■ Required action
Find the line containing "by (auto simp: abs_le_iff algebra_simps)" in the records below. Copy exactly that line and each one after it, ending at the line containing "T \<Longrightarrow> z", and nothing more.

Records from a data source
- Opening Delimiter -

text \<open>
  The logistic factors \<open>x (1 - x)\<close>, \<open>y (1 - y)\<close>, \<open>r (1 - r)\<close> vanish on the faces, so a
  Gronwall estimate keeps the solution in the open cube; there \<open>\<bar>r'\<bar> \<le> 2 + \<theta>1 + \<theta>2\<close>, so
  \<open>r\<close> is Lipschitz. If, say, the first strategy of population 1 weakly dominates, the logit
  \<open>ln x - ln (1 - x)\<close> has derivative \<open>y (a - c)(r) + (1 - y) (b - d)(r) \<ge> 0\<close>, bounded below by
  some \<open>m > 0\<close> while \<open>r \<in> [\<epsilon>/2, 1 - \<epsilon>/2]\<close>. By the Lipschitz bound, every visit of \<open>r\<close> to
  \<open>[\<epsilon>, 1 - \<epsilon>]\<close> is followed by a time interval of fixed length on which the logit gains a
  fixed amount. If \<open>x\<close> and \<open>r\<close> were both in \<open>[\<epsilon>, 1 - \<epsilon>]\<close> at arbitrarily late times, the
  logit would thus be unbounded, yet it is at most \<open>ln (1 - \<epsilon>) - ln \<epsilon>\<close> at those times.
  Hence eventually \<open>x\<close> or \<open>r\<close> is \<open>\<epsilon>\<close>-close to \<open>0\<close> or \<open>1\<close>, which bounds the distance to the
  boundary of the cube.
\<close>

lemma DERIV_nonneg_imp_increasing_halfline:
  fixes f f' :: "real \<Rightarrow> real"
  assumes deriv: "\<And>t. t \<ge> 0 \<Longrightarrow> (f has_real_derivative f' t) (at t within {0..})"
    and "0 \<le> s" "s \<le> u" and nonneg: "\<And>t. s < t \<Longrightarrow> t < u \<Longrightarrow> f' t \<ge> 0"
  shows "f s \<le> f u"
proof -
  have "continuous_on {0..} f"
    by (rule DERIV_continuous_on) (use deriv in auto)
  then have "continuous_on {s..u} f"
    by (rule continuous_on_subset) (use \<open>0 \<le> s\<close> in auto)
  moreover have "(f has_real_derivative f' t) (at t)" if "s < t" for t
  proof -
    have "at t within {0..} = at t"
      using that \<open>0 \<le> s\<close> by (intro at_within_interior) auto
    with deriv[of t] that \<open>0 \<le> s\<close> show ?thesis by auto
  qed
  ultimately show ?thesis
    using nonneg \<open>0 \<le> s\<close>
    by (intro DERIV_nonneg_imp_increasing_open[OF \<open>s \<le> u\<close>])
       (auto simp del: greaterThanLessThan_iff)
qed

lemma DERIV_bounded_imp_lipschitz_halfline:
  fixes f f' :: "real \<Rightarrow> real"
  assumes deriv: "\<And>t. t \<ge> 0 \<Longrightarrow> (f has_real_derivative f' t) (at t within {0..})"
    and bound: "\<And>t. t \<ge> 0 \<Longrightarrow> \<bar>f' t\<bar> \<le> L"
    and "0 \<le> t" "t \<le> s"
  shows "\<bar>f s - f t\<bar> \<le> L * (s - t)"
proof -
  have "L * t - f t \<le> L * s - f s"
  proof (rule DERIV_nonneg_imp_increasing_halfline[where f = "\<lambda>v. L * v - f v"
        and f' = "\<lambda>u. L - f' u"])
    show "((\<lambda>v. L * v - f v) has_real_derivative L - f' u) (at u within {0..})" if "u \<ge> 0" for u
      by (rule derivative_eq_intros refl deriv[OF that])+ simp
    show "L - f' u \<ge> 0" if "t < u" for u
      using bound[of u] that \<open>0 \<le> t\<close> by (simp add: abs_le_iff)
  qed (use assms in auto)
  moreover have "L * t + f t \<le> L * s + f s"
  proof (rule DERIV_nonneg_imp_increasing_halfline[where f = "\<lambda>v. L * v + f v"
        and f' = "\<lambda>u. L + f' u"])
    show "((\<lambda>v. L * v + f v) has_real_derivative L + f' u) (at u within {0..})" if "u \<ge> 0" for u
      by (rule derivative_eq_intros refl deriv[OF that])+ simp
    show "L + f' u \<ge> 0" if "t < u" for u
      using bound[of u] that \<open>0 \<le> t\<close> by (simp add: abs_le_iff)
  qed (use assms in auto)
  ultimately show ?thesis
    by (simp add: abs_le_iff algebra_simps)
qed

text \<open>A Gronwall-type argument: \<open>z t * exp (K * t)\<close> is nondecreasing.\<close>
lemma DERIV_ge_neg_linear_imp_pos:
  fixes z D :: "real \<Rightarrow> real"
  assumes deriv: "\<And>t. t \<ge> 0 \<Longrightarrow> (z has_real_derivative D t) (at t within {0..})"
    and "T \<ge> 0" and lower: "\<And>t. 0 < t \<Longrightarrow> t < T \<Longrightarrow> D t \<ge> - K * z t"
    and "z 0 > 0"
  shows "z T > 0"
proof -
  have "z 0 * exp (K * 0) \<le> z T * exp (K * T)"
  proof (rule DERIV_nonneg_imp_increasing_halfline[where f = "\<lambda>t. z t * exp (K * t)"
        and f' = "\<lambda>t. exp (K * t) * (D t + K * z t)"])
    show "((\<lambda>t. z t * exp (K * t)) has_real_derivative exp (K * t) * (D t + K * z t))
        (at t within {0..})" if "t \<ge> 0" for t
      by (rule derivative_eq_intros refl deriv[OF that])+ (simp add: algebra_simps)
    show "exp (K * t) * (D t + K * z t) \<ge> 0" if "0 < t" "t < T" for t
      using lower[OF that] by simp
  qed (use \<open>T \<ge> 0\<close> in auto)
  with \<open>z 0 > 0\<close> have "z T * exp (K * T) > 0"
    by simp
  then show ?thesis
    by (simp add: zero_less_mult_iff)
qed

lemma first_exit_induct_halfline [consumes 1, case_names closed persists]:
  fixes P :: "real \<Rightarrow> bool"
  assumes "t \<ge> 0"
    and closed: "\<And>T. T \<ge> 0 \<Longrightarrow> (\<And>s. 0 \<le> s \<Longrightarrow> s < T \<Longrightarrow> P s) \<Longrightarrow> P T"
    and persists: "\<And>T. T \<ge> 0 \<Longrightarrow> P T \<Longrightarrow> eventually P (at_right T)"
  shows "P t"
proof (rule ccontr)
  assume "\<not> P t"
  define S where "S = {s. 0 \<le> s \<and> \<not> P s}"
  have "S \<noteq> {}" "bdd_below S"
    using \<open>\<not> P t\<close> \<open>t \<ge> 0\<close> by (auto simp: S_def intro: bdd_belowI[of _ 0])
  define T where "T = Inf S"
  have "T \<ge> 0"
    unfolding T_def by (rule cInf_greatest[OF \<open>S \<noteq> {}\<close>]) (auto simp: S_def)
  have before: "P s" if "0 \<le> s" "s < T" for s
    using that cInf_lower[OF _ \<open>bdd_below S\<close>, of s] by (force simp: S_def T_def)
  then have "P T"
    using closed \<open>T \<ge> 0\<close> by blast
  then obtain b where "b > T" and after: "\<And>s. T < s \<Longrightarrow> s < b \<Longrightarrow> P s"
    using persists[OF \<open>T \<ge> 0\<close>] by (auto simp: eventually_at_right_field)
  have "b \<le> T"
    unfolding T_def
  proof (rule cInf_greatest[OF \<open>S \<noteq> {}\<close>])
    fix s assume "s \<in> S"
    then have "T \<le> s" "\<not> P s"
      using cInf_lower[OF _ \<open>bdd_below S\<close>] by (auto simp: S_def T_def)
    then show "b \<le> s"
      using after \<open>P T\<close> by (metis le_less not_le)
  qed
  with \<open>b > T\<close> show False by simp
qed

lemma logistic_term_bounds:
  fixes z W K :: real
  assumes "0 \<le> z" "z \<le> 1" and "\<bar>W\<bar> \<le> K"
  shows "z * (1 - z) * W \<ge> - K * z"
    and "- (z * (1 - z) * W) \<ge> - K * (1 - z)"
    and "\<bar>z * (1 - z) * W\<bar> \<le> K"
proof -
  have "K \<ge> 0" using \<open>\<bar>W\<bar> \<le> K\<close> by linarith
  have zz: "0 \<le> z * (1 - z)" "z * (1 - z) \<le> z" "z * (1 - z) \<le> 1 - z"
    using assms(1,2) by (auto simp: mult_left_le mult_left_le_one_le)
  have "\<bar>z * (1 - z) * W\<bar> = z * (1 - z) * \<bar>W\<bar>"
    by (simp only: abs_mult[of "z * (1 - z)" W] abs_of_nonneg[OF zz(1)])
  also have "\<dots> \<le> z * (1 - z) * K"
    using zz(1) \<open>\<bar>W\<bar> \<le> K\<close> by (rule mult_left_mono[rotated])
  finally have "\<bar>z * (1 - z) * W\<bar> \<le> z * (1 - z) * K" .
  moreover have "z * (1 - z) * K \<le> z * K" "z * (1 - z) * K \<le> (1 - z) * K"
    using zz \<open>K \<ge> 0\<close> by (auto intro: mult_right_mono)
  moreover have "z * K \<le> K"
    using mult_right_mono[OF assms(2) \<open>K \<ge> 0\<close>] by simp
  ultimately show "z * (1 - z) * W \<ge> - K * z" "- (z * (1 - z) * W) \<ge> - K * (1 - z)"
    and "\<bar>z * (1 - z) * W\<bar> \<le> K"
    by (auto simp: abs_le_iff algebra_simps)
qed

lemma logistic_stays_in_open_unit_interval:
  fixes z W :: "real \<Rightarrow> real"
  assumes deriv: "\<And>t. t \<ge> 0 \<Longrightarrow> (z has_real_derivative z t * (1 - z t) * W t) (at t within {0..})"
    and "z 0 \<in> {0<..<1}" "T \<ge> 0"
    and before: "\<And>s. 0 < s \<Longrightarrow> s < T \<Longrightarrow> z s \<in> {0..1} \<and> \<bar>W s\<bar> \<le> K"
  shows "z T \<in> {0<..<1}"
proof -
  have "z T > 0"
    by (rule DERIV_ge_neg_linear_imp_pos[OF deriv \<open>T \<ge> 0\<close>])
       (use before logistic_term_bounds(1) \<open>z 0 \<in> {0<..<1}\<close> in auto)
  moreover have "1 - z T > 0"
  proof (rule DERIV_ge_neg_linear_imp_pos[OF _ \<open>T \<ge> 0\<close>])
    show "((\<lambda>s. 1 - z s) has_real_derivative - (z t * (1 - z t) * W t)) (at t within {0..})"
      if "t \<ge> 0" for t
      using DERIV_diff[OF DERIV_const deriv[OF that]] by simp
  qed (use before logistic_term_bounds(2) \<open>z 0 \<in> {0<..<1}\<close> in auto)
  ultimately show ?thesis by simp
qed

- Closing Delimiter -

■ Result of this exercise
    by (auto simp: abs_le_iff algebra_simps)
qed

lemma logistic_stays_in_open_unit_interval:
  fixes z W :: "real \<Rightarrow> real"
  assumes deriv: "\<And>t. t \<ge> 0 \<Longrightarrow> (z has_real_derivative z t * (1 - z t) * W t) (at t within {0..})"
    and "z 0 \<in> {0<..<1}" "T \<ge> 0"
    and before: "\<And>s. 0 < s \<Longrightarrow> s < T \<Longrightarrow> z s \<in> {0..1} \<and> \<bar>W s\<bar> \<le> K"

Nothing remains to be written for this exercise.